▶ What to work on:
Every line from the start of the records below to the line containing "define V where" should be retyped exactly, that line included, and no others.

▶ Source information:
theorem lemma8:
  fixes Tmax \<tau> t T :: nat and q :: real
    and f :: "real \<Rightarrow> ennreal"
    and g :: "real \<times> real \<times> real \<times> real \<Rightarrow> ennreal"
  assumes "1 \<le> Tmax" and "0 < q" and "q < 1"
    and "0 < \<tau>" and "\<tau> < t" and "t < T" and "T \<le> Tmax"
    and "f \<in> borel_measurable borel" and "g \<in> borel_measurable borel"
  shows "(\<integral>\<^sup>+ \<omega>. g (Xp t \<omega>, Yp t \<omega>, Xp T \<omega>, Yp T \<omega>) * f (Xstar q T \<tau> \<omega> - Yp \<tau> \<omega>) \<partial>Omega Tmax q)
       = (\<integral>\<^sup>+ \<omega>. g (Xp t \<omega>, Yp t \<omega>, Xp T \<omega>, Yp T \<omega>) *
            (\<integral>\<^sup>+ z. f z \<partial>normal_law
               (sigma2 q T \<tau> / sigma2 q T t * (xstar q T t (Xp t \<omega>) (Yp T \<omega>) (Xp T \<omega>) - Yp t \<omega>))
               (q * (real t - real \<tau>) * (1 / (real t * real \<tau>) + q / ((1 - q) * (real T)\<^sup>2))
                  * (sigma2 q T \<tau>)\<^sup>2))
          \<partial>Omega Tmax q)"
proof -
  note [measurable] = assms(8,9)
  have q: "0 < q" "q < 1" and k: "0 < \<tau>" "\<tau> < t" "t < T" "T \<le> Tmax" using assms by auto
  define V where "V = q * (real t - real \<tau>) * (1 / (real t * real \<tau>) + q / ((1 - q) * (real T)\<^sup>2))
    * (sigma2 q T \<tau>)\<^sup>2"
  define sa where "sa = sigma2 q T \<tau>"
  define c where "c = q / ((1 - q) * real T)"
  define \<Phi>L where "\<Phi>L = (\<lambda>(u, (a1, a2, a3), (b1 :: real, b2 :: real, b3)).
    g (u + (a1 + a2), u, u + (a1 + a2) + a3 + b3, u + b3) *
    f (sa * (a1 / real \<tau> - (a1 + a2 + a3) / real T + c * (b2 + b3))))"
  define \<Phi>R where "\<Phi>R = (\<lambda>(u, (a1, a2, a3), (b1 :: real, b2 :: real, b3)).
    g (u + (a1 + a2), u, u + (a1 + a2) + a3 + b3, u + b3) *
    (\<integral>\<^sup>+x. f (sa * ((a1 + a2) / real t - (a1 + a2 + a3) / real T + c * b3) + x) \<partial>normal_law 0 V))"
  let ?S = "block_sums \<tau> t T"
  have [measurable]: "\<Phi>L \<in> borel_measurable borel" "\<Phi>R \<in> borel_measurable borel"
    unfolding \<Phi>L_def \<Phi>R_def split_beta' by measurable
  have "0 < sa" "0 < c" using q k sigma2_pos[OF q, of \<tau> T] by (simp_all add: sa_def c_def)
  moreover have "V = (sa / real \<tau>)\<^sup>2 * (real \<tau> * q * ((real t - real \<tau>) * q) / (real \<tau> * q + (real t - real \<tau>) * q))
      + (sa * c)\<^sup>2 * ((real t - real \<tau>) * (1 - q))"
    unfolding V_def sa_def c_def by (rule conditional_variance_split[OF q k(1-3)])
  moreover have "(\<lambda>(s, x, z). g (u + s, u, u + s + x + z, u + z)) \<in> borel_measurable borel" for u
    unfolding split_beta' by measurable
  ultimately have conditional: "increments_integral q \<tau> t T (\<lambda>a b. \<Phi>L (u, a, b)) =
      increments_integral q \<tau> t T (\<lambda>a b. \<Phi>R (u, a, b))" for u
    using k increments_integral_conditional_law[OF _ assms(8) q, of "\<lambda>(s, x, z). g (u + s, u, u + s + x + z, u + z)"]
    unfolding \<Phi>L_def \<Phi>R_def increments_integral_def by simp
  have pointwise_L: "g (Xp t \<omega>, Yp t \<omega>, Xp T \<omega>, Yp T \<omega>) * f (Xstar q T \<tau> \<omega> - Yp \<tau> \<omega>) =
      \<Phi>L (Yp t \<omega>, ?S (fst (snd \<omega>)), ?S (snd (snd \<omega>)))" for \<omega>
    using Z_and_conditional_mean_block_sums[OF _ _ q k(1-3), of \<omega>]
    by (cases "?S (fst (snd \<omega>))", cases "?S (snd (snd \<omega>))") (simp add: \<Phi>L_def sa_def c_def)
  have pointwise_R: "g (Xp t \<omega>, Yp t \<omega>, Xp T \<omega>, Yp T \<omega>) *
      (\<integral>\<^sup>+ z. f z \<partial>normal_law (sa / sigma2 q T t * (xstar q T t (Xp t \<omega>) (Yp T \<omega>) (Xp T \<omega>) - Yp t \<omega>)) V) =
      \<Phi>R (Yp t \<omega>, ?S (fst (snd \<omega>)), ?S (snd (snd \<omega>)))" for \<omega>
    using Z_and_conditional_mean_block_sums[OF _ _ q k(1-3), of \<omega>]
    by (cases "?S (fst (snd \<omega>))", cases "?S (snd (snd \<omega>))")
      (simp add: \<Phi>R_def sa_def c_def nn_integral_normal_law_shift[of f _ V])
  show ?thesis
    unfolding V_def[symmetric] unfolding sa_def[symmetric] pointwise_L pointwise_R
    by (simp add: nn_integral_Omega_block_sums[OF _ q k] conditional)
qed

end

▶ Output for this exercise:
theorem lemma8:
  fixes Tmax \<tau> t T :: nat and q :: real
    and f :: "real \<Rightarrow> ennreal"
    and g :: "real \<times> real \<times> real \<times> real \<Rightarrow> ennreal"
  assumes "1 \<le> Tmax" and "0 < q" and "q < 1"
    and "0 < \<tau>" and "\<tau> < t" and "t < T" and "T \<le> Tmax"
    and "f \<in> borel_measurable borel" and "g \<in> borel_measurable borel"
  shows "(\<integral>\<^sup>+ \<omega>. g (Xp t \<omega>, Yp t \<omega>, Xp T \<omega>, Yp T \<omega>) * f (Xstar q T \<tau> \<omega> - Yp \<tau> \<omega>) \<partial>Omega Tmax q)
       = (\<integral>\<^sup>+ \<omega>. g (Xp t \<omega>, Yp t \<omega>, Xp T \<omega>, Yp T \<omega>) *
            (\<integral>\<^sup>+ z. f z \<partial>normal_law
               (sigma2 q T \<tau> / sigma2 q T t * (xstar q T t (Xp t \<omega>) (Yp T \<omega>) (Xp T \<omega>) - Yp t \<omega>))
               (q * (real t - real \<tau>) * (1 / (real t * real \<tau>) + q / ((1 - q) * (real T)\<^sup>2))
                  * (sigma2 q T \<tau>)\<^sup>2))
          \<partial>Omega Tmax q)"
proof -
  note [measurable] = assms(8,9)
  have q: "0 < q" "q < 1" and k: "0 < \<tau>" "\<tau> < t" "t < T" "T \<le> Tmax" using assms by auto
  define V where "V = q * (real t - real \<tau>) * (1 / (real t * real \<tau>) + q / ((1 - q) * (real T)\<^sup>2))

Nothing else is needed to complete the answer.